▸ WORK ORDER: Find "fstar \<and> \<phi>" in the data, then restate the line it sits in and every later line word for word, ending with the last line.

▸ SUPPLIED MATERIAL:

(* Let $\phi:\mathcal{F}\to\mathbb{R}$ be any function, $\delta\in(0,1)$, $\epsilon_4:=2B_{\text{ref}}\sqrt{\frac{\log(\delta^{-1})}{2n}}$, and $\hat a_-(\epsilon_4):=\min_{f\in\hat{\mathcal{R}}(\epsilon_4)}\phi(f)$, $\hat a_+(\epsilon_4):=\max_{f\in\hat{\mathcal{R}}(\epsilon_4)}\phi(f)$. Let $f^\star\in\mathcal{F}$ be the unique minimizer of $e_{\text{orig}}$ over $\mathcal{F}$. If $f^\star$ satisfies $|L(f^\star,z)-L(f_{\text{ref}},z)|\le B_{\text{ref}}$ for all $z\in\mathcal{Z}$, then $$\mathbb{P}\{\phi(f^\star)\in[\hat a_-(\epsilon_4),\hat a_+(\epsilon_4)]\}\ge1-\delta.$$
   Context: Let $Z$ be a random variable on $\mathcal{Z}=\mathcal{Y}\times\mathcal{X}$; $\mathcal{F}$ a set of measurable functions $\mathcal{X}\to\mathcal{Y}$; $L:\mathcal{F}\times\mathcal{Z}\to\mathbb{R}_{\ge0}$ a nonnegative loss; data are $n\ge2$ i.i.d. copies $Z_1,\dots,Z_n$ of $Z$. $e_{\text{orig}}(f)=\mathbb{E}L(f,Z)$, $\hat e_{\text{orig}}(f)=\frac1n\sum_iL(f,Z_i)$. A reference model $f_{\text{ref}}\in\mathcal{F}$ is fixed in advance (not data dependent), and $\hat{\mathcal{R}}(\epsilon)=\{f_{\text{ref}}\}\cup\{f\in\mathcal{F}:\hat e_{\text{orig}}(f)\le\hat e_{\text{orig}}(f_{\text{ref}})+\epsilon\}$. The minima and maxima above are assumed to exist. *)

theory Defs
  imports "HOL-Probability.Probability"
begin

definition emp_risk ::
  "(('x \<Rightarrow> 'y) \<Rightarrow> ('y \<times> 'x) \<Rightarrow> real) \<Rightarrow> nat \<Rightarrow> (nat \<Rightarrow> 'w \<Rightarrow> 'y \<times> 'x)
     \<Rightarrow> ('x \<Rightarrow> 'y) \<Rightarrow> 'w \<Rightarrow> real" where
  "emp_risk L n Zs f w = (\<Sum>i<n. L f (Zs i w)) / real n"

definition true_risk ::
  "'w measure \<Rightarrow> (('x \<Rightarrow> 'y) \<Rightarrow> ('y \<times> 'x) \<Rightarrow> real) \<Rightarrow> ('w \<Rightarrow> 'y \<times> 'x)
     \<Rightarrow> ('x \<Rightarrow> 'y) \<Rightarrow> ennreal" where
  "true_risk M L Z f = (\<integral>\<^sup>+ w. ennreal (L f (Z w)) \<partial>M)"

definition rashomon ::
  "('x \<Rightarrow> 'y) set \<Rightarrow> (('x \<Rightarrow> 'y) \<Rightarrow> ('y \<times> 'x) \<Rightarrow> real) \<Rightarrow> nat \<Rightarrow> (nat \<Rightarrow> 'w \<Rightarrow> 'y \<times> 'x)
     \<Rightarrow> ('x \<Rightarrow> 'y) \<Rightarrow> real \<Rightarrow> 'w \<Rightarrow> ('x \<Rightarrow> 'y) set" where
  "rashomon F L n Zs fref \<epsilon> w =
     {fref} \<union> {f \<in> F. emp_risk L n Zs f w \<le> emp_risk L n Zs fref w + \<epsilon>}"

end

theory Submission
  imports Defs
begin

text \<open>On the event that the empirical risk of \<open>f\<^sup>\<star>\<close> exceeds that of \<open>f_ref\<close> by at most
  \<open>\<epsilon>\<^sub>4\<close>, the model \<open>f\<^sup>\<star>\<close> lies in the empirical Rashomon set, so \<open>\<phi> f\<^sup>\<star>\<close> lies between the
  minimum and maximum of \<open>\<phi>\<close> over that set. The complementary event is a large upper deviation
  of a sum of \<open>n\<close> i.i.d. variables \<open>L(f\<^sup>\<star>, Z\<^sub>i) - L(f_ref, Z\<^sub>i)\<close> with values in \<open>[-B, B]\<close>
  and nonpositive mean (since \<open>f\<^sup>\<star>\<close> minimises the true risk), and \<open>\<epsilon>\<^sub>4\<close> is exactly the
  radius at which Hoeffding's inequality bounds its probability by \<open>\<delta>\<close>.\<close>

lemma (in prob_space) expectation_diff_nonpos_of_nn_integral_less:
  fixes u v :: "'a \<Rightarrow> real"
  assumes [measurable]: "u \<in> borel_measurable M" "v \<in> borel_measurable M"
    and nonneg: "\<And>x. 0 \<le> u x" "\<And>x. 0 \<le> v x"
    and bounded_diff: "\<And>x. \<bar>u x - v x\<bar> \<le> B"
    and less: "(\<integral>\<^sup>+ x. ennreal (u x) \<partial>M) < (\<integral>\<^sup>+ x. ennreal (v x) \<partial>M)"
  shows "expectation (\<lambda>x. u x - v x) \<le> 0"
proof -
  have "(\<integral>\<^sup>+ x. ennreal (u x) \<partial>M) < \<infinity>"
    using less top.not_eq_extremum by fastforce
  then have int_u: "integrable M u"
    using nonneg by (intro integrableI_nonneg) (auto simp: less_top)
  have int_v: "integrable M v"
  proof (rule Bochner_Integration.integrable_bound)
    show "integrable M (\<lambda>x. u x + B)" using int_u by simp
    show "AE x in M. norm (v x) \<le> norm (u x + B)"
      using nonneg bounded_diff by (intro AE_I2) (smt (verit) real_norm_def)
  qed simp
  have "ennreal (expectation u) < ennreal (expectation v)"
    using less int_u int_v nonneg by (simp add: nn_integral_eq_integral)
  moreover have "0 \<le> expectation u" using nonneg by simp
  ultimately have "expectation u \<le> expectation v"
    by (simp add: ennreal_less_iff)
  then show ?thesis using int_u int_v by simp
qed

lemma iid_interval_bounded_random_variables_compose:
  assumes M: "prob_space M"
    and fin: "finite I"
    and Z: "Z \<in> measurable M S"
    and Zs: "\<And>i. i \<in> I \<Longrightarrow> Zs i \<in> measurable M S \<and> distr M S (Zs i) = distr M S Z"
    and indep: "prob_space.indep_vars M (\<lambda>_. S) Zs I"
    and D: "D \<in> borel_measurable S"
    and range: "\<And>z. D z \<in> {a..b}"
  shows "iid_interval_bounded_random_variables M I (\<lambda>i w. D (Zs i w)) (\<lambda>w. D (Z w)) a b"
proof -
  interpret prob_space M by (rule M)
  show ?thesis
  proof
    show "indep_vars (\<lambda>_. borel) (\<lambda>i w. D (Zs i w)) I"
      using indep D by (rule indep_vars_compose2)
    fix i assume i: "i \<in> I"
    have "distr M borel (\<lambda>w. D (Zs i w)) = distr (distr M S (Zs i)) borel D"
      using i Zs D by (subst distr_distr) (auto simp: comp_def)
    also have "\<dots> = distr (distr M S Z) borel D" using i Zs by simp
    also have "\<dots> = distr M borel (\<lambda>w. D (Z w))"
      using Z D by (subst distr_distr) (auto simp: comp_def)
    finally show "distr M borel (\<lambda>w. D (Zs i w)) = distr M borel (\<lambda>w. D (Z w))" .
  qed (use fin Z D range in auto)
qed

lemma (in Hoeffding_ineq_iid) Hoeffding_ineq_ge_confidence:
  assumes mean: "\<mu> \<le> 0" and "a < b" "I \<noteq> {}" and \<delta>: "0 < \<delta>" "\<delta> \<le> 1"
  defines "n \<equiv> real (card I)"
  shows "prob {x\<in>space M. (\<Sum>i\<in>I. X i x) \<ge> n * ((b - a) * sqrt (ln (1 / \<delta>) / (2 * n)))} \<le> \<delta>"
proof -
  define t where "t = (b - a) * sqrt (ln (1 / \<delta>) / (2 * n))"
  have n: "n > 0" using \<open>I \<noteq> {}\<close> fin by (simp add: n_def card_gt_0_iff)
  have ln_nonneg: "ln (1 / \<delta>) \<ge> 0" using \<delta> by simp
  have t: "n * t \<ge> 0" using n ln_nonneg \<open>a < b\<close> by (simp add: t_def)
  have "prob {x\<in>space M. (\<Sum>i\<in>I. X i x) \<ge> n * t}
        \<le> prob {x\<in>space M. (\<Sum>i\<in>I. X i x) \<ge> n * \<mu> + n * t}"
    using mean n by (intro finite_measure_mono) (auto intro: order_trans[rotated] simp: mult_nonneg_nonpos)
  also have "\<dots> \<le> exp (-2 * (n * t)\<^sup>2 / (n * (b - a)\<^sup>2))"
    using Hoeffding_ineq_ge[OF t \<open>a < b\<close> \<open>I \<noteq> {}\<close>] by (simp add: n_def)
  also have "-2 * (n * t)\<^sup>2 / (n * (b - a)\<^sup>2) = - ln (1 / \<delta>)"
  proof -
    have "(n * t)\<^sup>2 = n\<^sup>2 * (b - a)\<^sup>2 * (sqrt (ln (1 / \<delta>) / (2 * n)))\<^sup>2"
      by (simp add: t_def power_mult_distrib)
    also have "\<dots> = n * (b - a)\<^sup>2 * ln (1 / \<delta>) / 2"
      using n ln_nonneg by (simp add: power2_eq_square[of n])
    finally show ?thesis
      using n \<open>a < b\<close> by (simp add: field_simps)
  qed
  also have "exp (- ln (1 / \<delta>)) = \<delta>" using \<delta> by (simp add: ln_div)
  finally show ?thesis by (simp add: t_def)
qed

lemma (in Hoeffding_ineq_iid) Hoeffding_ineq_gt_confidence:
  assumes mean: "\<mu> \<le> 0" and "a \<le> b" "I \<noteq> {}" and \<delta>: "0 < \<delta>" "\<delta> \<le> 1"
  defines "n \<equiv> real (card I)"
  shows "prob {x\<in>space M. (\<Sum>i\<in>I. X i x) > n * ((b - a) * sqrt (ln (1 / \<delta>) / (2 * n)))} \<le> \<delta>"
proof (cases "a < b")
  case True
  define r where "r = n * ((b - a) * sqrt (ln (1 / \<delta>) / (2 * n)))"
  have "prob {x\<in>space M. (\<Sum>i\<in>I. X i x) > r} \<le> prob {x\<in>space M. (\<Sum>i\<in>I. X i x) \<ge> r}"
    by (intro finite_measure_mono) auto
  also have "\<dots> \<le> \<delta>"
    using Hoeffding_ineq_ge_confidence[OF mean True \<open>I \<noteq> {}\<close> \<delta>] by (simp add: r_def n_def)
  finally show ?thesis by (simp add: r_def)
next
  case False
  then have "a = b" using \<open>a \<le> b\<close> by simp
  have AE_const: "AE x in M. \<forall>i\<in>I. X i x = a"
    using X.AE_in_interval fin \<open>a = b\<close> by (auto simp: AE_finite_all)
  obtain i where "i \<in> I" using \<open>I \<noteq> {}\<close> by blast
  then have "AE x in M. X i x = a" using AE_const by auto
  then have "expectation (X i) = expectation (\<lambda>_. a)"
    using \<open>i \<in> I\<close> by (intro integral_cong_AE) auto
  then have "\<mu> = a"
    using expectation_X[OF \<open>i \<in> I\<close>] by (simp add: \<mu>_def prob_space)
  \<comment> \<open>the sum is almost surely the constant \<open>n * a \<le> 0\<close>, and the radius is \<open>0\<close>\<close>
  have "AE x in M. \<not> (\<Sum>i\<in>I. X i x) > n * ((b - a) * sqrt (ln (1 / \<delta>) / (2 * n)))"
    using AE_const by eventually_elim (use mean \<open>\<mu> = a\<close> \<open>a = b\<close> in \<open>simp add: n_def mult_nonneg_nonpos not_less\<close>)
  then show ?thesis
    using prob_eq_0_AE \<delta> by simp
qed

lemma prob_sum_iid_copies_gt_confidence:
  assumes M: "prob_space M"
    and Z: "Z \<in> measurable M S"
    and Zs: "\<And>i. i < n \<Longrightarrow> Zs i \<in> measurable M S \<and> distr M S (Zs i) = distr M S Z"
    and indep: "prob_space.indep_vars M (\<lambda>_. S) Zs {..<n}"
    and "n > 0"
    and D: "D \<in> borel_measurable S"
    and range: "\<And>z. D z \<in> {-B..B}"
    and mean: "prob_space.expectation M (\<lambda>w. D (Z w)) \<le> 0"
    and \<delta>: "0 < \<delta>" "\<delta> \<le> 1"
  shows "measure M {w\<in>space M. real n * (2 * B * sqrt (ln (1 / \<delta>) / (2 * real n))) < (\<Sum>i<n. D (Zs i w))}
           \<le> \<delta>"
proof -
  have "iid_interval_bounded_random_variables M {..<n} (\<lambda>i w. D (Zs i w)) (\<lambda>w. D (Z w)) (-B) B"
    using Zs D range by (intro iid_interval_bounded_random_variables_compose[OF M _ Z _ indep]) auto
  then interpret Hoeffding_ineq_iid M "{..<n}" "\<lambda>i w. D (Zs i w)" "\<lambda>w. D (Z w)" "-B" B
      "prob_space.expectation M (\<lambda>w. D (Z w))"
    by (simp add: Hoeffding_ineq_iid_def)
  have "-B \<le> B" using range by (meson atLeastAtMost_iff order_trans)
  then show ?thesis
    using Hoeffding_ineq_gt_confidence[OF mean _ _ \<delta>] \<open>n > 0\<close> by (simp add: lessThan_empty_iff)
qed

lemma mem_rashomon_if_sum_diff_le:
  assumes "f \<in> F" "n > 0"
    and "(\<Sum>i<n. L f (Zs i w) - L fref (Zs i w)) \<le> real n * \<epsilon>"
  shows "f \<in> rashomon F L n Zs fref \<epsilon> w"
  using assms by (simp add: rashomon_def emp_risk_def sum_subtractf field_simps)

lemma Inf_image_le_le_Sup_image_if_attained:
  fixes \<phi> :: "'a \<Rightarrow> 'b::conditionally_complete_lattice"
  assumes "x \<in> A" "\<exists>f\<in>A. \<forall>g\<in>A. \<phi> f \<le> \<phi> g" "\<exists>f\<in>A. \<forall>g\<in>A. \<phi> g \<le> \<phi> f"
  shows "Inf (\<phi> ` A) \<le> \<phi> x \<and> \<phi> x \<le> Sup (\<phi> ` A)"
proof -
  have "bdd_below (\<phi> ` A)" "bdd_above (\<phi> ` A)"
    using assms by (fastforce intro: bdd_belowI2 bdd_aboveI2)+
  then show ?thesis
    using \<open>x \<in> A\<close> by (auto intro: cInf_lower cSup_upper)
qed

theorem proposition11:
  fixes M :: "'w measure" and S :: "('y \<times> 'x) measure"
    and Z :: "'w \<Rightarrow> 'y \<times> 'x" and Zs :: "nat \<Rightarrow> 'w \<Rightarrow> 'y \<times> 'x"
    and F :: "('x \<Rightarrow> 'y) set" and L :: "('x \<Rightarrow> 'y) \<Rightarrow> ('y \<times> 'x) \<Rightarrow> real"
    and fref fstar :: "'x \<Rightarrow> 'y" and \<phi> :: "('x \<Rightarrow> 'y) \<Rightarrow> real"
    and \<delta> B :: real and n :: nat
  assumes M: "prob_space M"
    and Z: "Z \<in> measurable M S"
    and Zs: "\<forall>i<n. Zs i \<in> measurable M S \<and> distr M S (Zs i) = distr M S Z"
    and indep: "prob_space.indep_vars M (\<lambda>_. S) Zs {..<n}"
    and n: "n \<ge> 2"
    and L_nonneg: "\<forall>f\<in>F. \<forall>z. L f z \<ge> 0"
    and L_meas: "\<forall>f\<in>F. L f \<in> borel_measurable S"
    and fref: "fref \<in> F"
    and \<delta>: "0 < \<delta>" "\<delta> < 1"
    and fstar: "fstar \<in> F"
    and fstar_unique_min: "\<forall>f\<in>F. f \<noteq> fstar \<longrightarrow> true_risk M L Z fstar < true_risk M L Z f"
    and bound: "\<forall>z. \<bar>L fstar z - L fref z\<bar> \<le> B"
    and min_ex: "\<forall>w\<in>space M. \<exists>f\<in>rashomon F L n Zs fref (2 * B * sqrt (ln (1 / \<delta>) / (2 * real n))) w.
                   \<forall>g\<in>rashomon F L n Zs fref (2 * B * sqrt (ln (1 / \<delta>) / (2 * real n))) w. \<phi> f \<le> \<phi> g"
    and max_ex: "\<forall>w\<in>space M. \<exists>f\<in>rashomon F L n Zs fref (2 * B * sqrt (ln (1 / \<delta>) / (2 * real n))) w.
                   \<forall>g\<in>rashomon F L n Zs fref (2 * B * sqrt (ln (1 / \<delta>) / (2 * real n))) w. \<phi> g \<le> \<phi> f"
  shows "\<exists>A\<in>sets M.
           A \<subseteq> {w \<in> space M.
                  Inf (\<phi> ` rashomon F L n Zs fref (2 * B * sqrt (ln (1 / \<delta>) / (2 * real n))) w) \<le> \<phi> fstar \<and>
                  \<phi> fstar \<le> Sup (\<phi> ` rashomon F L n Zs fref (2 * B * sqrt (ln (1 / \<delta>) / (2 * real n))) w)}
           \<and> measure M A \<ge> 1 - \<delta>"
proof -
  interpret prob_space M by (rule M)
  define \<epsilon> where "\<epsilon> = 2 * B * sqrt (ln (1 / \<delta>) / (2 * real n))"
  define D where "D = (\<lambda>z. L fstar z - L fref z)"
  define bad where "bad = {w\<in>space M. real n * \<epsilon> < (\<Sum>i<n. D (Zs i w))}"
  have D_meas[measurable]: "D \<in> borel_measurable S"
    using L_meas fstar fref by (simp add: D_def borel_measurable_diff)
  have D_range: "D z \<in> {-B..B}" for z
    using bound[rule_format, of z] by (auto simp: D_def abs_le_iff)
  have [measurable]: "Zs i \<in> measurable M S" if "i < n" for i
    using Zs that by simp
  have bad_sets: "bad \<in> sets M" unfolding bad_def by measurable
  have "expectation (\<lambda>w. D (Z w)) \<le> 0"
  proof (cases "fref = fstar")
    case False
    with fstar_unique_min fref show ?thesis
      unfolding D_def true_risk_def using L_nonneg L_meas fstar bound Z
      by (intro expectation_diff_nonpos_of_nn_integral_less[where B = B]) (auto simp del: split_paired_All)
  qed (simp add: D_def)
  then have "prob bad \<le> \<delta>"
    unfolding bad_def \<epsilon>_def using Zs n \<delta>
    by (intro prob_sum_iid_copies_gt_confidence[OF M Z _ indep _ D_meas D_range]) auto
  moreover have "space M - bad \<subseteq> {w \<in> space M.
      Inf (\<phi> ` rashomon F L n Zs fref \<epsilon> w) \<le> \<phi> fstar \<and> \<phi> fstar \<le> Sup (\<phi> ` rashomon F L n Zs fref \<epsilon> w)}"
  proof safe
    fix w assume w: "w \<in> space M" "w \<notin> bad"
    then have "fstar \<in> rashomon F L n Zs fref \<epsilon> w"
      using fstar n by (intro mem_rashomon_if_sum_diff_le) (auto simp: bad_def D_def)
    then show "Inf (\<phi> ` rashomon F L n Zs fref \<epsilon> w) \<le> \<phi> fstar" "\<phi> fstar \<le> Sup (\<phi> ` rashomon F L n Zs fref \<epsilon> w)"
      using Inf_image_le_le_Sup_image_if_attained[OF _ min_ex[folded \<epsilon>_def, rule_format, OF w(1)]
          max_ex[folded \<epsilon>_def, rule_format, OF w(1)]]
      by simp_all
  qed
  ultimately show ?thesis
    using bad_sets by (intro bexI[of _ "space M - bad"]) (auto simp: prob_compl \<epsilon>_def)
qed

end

▸ YOUR RESPONSE:
      Inf (\<phi> ` rashomon F L n Zs fref \<epsilon> w) \<le> \<phi> fstar \<and> \<phi> fstar \<le> Sup (\<phi> ` rashomon F L n Zs fref \<epsilon> w)}"
  proof safe
    fix w assume w: "w \<in> space M" "w \<notin> bad"
    then have "fstar \<in> rashomon F L n Zs fref \<epsilon> w"
      using fstar n by (intro mem_rashomon_if_sum_diff_le) (auto simp: bad_def D_def)
    then show "Inf (\<phi> ` rashomon F L n Zs fref \<epsilon> w) \<le> \<phi> fstar" "\<phi> fstar \<le> Sup (\<phi> ` rashomon F L n Zs fref \<epsilon> w)"
      using Inf_image_le_le_Sup_image_if_attained[OF _ min_ex[folded \<epsilon>_def, rule_format, OF w(1)]
          max_ex[folded \<epsilon>_def, rule_format, OF w(1)]]
      by simp_all
  qed
  ultimately show ?thesis
    using bad_sets by (intro bexI[of _ "space M - bad"]) (auto simp: prob_compl \<epsilon>_def)
qed

end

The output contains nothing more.